* Problem
Find the word "finally" in the listing below, then return every line it appears in.

________

(* Fix a finite F in G and eps > 0.  Strong faithfulness gives q < 1 bounding the
   mean of the fixed point sets Fix g (g in F, g <> 1).  The heart of the proof is a relative
   Reiter property: there are finitely supported probability vectors nu on X that are almost
   invariant under S = F u FF and satisfy nu(Fix g) <= mu(Fix g).  It is proved by
   contradiction: finite-dimensional separation (minimal-norm point of a convex set) gives
   test functions with values in a fixed finite grid, a diagonal argument produces a
   pointwise cluster function g on the countable set X, and integrating g against a finite
   discretisation of the invariant mean makes the separating pairing vanish.
   Rounding N * nu to integer weights and letting G act on weighted copies of the support
   gives permutations that are almost multiplicative and have a proportion of at most
   (1 + q)/2 fixed points; an n-fold tensor power then yields a sofic approximation. *)

lemma square_diff_le: "((a::real) - b)^2 \<le> 2 * a^2 + 2 * b^2"
proof -
  have "0 \<le> (a + b)^2" by simp
  thus ?thesis by (simp add: power2_eq_square algebra_simps)
qed

lemma square_sum_abs_le_card_sum_squares:
  fixes f :: "'k \<Rightarrow> real"
  assumes "finite K"
  shows "(\<Sum>k\<in>K. \<bar>f k\<bar>)^2 \<le> real (card K) * (\<Sum>k\<in>K. (f k)^2)"
proof (cases "K = {}")
  case False
  define n where "n = real (card K)"
  define s where "s = (\<Sum>k\<in>K. \<bar>f k\<bar>)"
  have npos: "0 < n" using False assms by (simp add: n_def card_gt_0_iff)
  have expand: "(n * \<bar>f k\<bar> - s)^2 = n^2 * (f k)^2 - (2 * n * s) * \<bar>f k\<bar> + s^2" for k
    by (simp add: power2_eq_square algebra_simps)
  have "0 \<le> (\<Sum>k\<in>K. (n * \<bar>f k\<bar> - s)^2)" by (simp add: sum_nonneg)
  also have "\<dots> = n^2 * (\<Sum>k\<in>K. (f k)^2) - (2 * n * s) * s + n * s^2"
    unfolding expand by (simp add: sum.distrib sum_subtractf sum_distrib_left[symmetric] s_def n_def)
  finally have "n * s^2 \<le> n * (n * (\<Sum>k\<in>K. (f k)^2))" by (simp add: power2_eq_square algebra_simps)
  thus ?thesis using npos by (simp add: s_def n_def)
qed simp

lemma sum_squares_le_square_sum_abs:
  fixes f :: "'k \<Rightarrow> real"
  assumes "finite K"
  shows "(\<Sum>k\<in>K. (f k)^2) \<le> (\<Sum>k\<in>K. \<bar>f k\<bar>)^2"
proof -
  have "(\<Sum>k\<in>K. (f k)^2) \<le> (\<Sum>k\<in>K. \<bar>f k\<bar> * (\<Sum>k\<in>K. \<bar>f k\<bar>))"
  proof (intro sum_mono)
    fix k assume "k \<in> K"
    hence "\<bar>f k\<bar> \<le> (\<Sum>k\<in>K. \<bar>f k\<bar>)" using assms by (intro member_le_sum) auto
    hence "\<bar>f k\<bar> * \<bar>f k\<bar> \<le> \<bar>f k\<bar> * (\<Sum>k\<in>K. \<bar>f k\<bar>)" by (intro mult_left_mono) auto
    thus "(f k)^2 \<le> \<bar>f k\<bar> * (\<Sum>k\<in>K. \<bar>f k\<bar>)" by (simp add: power2_eq_square)
  qed
  also have "\<dots> = (\<Sum>k\<in>K. \<bar>f k\<bar>)^2" by (simp add: sum_distrib_right power2_eq_square)
  finally show ?thesis .
qed

definition convex_vectors :: "('k \<Rightarrow> real) set \<Rightarrow> bool" where
  "convex_vectors D \<longleftrightarrow>
     (\<forall>u\<in>D. \<forall>v\<in>D. \<forall>t. 0 \<le> t \<longrightarrow> t \<le> 1 \<longrightarrow> (\<lambda>k. (1 - t) * u k + t * v k) \<in> D)"

lemma min_norm_separation:
  fixes D :: "('k \<Rightarrow> real) set" and K :: "'k set"
  assumes ne: "D \<noteq> {}" and conv: "convex_vectors D"
    and upper: "\<And>d. d \<in> D \<Longrightarrow> (\<Sum>k\<in>K. (d k)^2) \<le> R"
    and lower: "\<And>d. d \<in> D \<Longrightarrow> m \<le> (\<Sum>k\<in>K. (d k)^2)" and m: "0 < m"
  shows "\<exists>p. \<forall>d\<in>D. m/2 \<le> (\<Sum>k\<in>K. p k * d k)"
proof -
  define Q where "Q = (\<lambda>d::'k\<Rightarrow>real. \<Sum>k\<in>K. (d k)^2)"
  define m0 where "m0 = Inf (Q ` D)"
  have bdd: "bdd_below (Q ` D)" using lower unfolding Q_def bdd_below_def by blast
  obtain d0 where d0: "d0 \<in> D" using ne by blast
  have R: "0 < R" using upper[OF d0] lower[OF d0] m by linarith
  define t where "t = min 1 (m/(8*R))"
  have t: "0 < t" "t \<le> 1" "t \<le> m/(8*R)" using R m by (auto simp: t_def)
  have "\<exists>q\<in>Q`D. q < m0 + t*m/2"
    unfolding m0_def using ne t m by (intro cInf_lessD) auto
  then obtain p where pD: "p \<in> D" and pQ: "Q p < m0 + t*m/2" by auto
  show ?thesis
  proof (intro exI ballI)
    fix d assume dD: "d \<in> D"
    define y where "y = (\<lambda>k. (1-t) * p k + t * d k)"
    have "y \<in> D" unfolding y_def using conv pD dD t by (auto simp: convex_vectors_def)
    hence "m0 \<le> Q y" unfolding m0_def using bdd by (intro cInf_lower) auto
    have Qy: "Q y = Q p + 2*t*(\<Sum>k\<in>K. p k * (d k - p k)) + t^2 * (\<Sum>k\<in>K. (d k - p k)^2)"
    proof -
      have "((1-t)*p k + t*d k)^2 = (p k)^2 + 2*t*(p k * (d k - p k)) + t^2*(d k - p k)^2" for k
        by (simp add: power2_eq_square algebra_simps)
      thus ?thesis unfolding Q_def y_def by (simp add: sum.distrib sum_distrib_left)
    qed
    have "(\<Sum>k\<in>K. (d k - p k)^2) \<le> (\<Sum>k\<in>K. 2*(d k)^2 + 2*(p k)^2)"
      by (intro sum_mono square_diff_le)
    also have "\<dots> = 2*Q d + 2*Q p" by (simp add: Q_def sum.distrib sum_distrib_left)
    also have "\<dots> \<le> 4*R" using upper[OF dD] upper[OF pD] by (simp add: Q_def)
    finally have "t^2 * (\<Sum>k\<in>K. (d k - p k)^2) \<le> t^2 * (4*R)" by (intro mult_left_mono) auto
    moreover have "t^2*(4*R) \<le> t*(m/2)"
    proof -
      have "t*(4*R) \<le> m/2" using t R by (simp add: field_simps)
      hence "t*(t*(4*R)) \<le> t*(m/2)" using t by (intro mult_left_mono) auto
      thus ?thesis by (simp add: power2_eq_square algebra_simps)
    qed
    ultimately have "2*t*((\<Sum>k\<in>K. p k * (d k - p k)) + m/2) \<ge> 0"
      using \<open>m0 \<le> Q y\<close> Qy pQ by (simp add: algebra_simps)
    hence "(\<Sum>k\<in>K. p k * (d k - p k)) \<ge> - m/2" using t by (simp add: zero_le_mult_iff)
    moreover have "(\<Sum>k\<in>K. p k * d k) = Q p + (\<Sum>k\<in>K. p k * (d k - p k))"
      by (simp add: Q_def sum.distrib[symmetric] power2_eq_square algebra_simps)
    moreover have "m \<le> Q p" using lower[OF pD] by (simp add: Q_def)
    ultimately show "m/2 \<le> (\<Sum>k\<in>K. p k * d k)" by linarith
  qed
qed

definition l1_thickening :: "'k set \<Rightarrow> ('k \<Rightarrow> real) set \<Rightarrow> real \<Rightarrow> ('k \<Rightarrow> real) set" where
  "l1_thickening K Q r = {(\<lambda>k. q k - b k) | q b. q \<in> Q \<and> (\<Sum>k\<in>K. \<bar>b k\<bar>) \<le> r}"

lemma l1_thickeningI:
  "q \<in> Q \<Longrightarrow> (\<Sum>k\<in>K. \<bar>b k\<bar>) \<le> r \<Longrightarrow> (\<lambda>k. q k - b k) \<in> l1_thickening K Q r"
  unfolding l1_thickening_def by blast

lemma l1_thickeningE:
  assumes "d \<in> l1_thickening K Q r"
  obtains q b where "d = (\<lambda>k. q k - b k)" "q \<in> Q" "(\<Sum>k\<in>K. \<bar>b k\<bar>) \<le> r"
  using assms unfolding l1_thickening_def by blast

lemma convex_l1_thickening:
  assumes conv: "convex_vectors Q"
  shows "convex_vectors (l1_thickening K Q r)"
  unfolding convex_vectors_def
proof (intro ballI allI impI)
  fix u v and t :: real
  assume "u \<in> l1_thickening K Q r" "v \<in> l1_thickening K Q r" and t: "0 \<le> t" "t \<le> 1"
  obtain q1 b1 where u: "u = (\<lambda>k. q1 k - b1 k)" "q1 \<in> Q" "(\<Sum>k\<in>K. \<bar>b1 k\<bar>) \<le> r"
    using \<open>u \<in> l1_thickening K Q r\<close> by (rule l1_thickeningE)
  obtain q2 b2 where v: "v = (\<lambda>k. q2 k - b2 k)" "q2 \<in> Q" "(\<Sum>k\<in>K. \<bar>b2 k\<bar>) \<le> r"
    using \<open>v \<in> l1_thickening K Q r\<close> by (rule l1_thickeningE)
  define b where "b = (\<lambda>k. (1-t) * b1 k + t * b2 k)"
  define q where "q = (\<lambda>k. (1-t) * q1 k + t * q2 k)"
  have "(\<Sum>k\<in>K. \<bar>b k\<bar>) \<le> (\<Sum>k\<in>K. (1-t) * \<bar>b1 k\<bar> + t * \<bar>b2 k\<bar>)"
  proof (intro sum_mono)
    fix k
    have "\<bar>b k\<bar> \<le> \<bar>(1-t) * b1 k\<bar> + \<bar>t * b2 k\<bar>" unfolding b_def by (rule abs_triangle_ineq)
    thus "\<bar>b k\<bar> \<le> (1-t) * \<bar>b1 k\<bar> + t * \<bar>b2 k\<bar>" using t by (simp add: abs_mult)
  qed
  also have "\<dots> = (1-t) * (\<Sum>k\<in>K. \<bar>b1 k\<bar>) + t * (\<Sum>k\<in>K. \<bar>b2 k\<bar>)"
    by (simp add: sum.distrib sum_distrib_left)
  also have "\<dots> \<le> (1-t) * r + t * r"
    using u(3) v(3) t by (intro add_mono mult_left_mono) auto
  finally have "(\<Sum>k\<in>K. \<bar>b k\<bar>) \<le> r" by (simp add: algebra_simps)
  moreover have "q \<in> Q" using conv u(2) v(2) t by (auto simp: convex_vectors_def q_def)
  moreover have "(\<lambda>k. (1-t) * u k + t * v k) = (\<lambda>k. q k - b k)"
    unfolding u(1) v(1) b_def q_def by (simp add: algebra_simps)
  ultimately show "(\<lambda>k. (1-t) * u k + t * v k) \<in> l1_thickening K Q r"
    using l1_thickeningI by simp
qed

________

* Task answer
  finally have "n * s^2 \<le> n * (n * (\<Sum>k\<in>K. (f k)^2))" by (simp add: power2_eq_square algebra_simps)
  finally show ?thesis .
    finally have "t^2 * (\<Sum>k\<in>K. (d k - p k)^2) \<le> t^2 * (4*R)" by (intro mult_left_mono) auto
  finally have "(\<Sum>k\<in>K. \<bar>b k\<bar>) \<le> r" by (simp add: algebra_simps)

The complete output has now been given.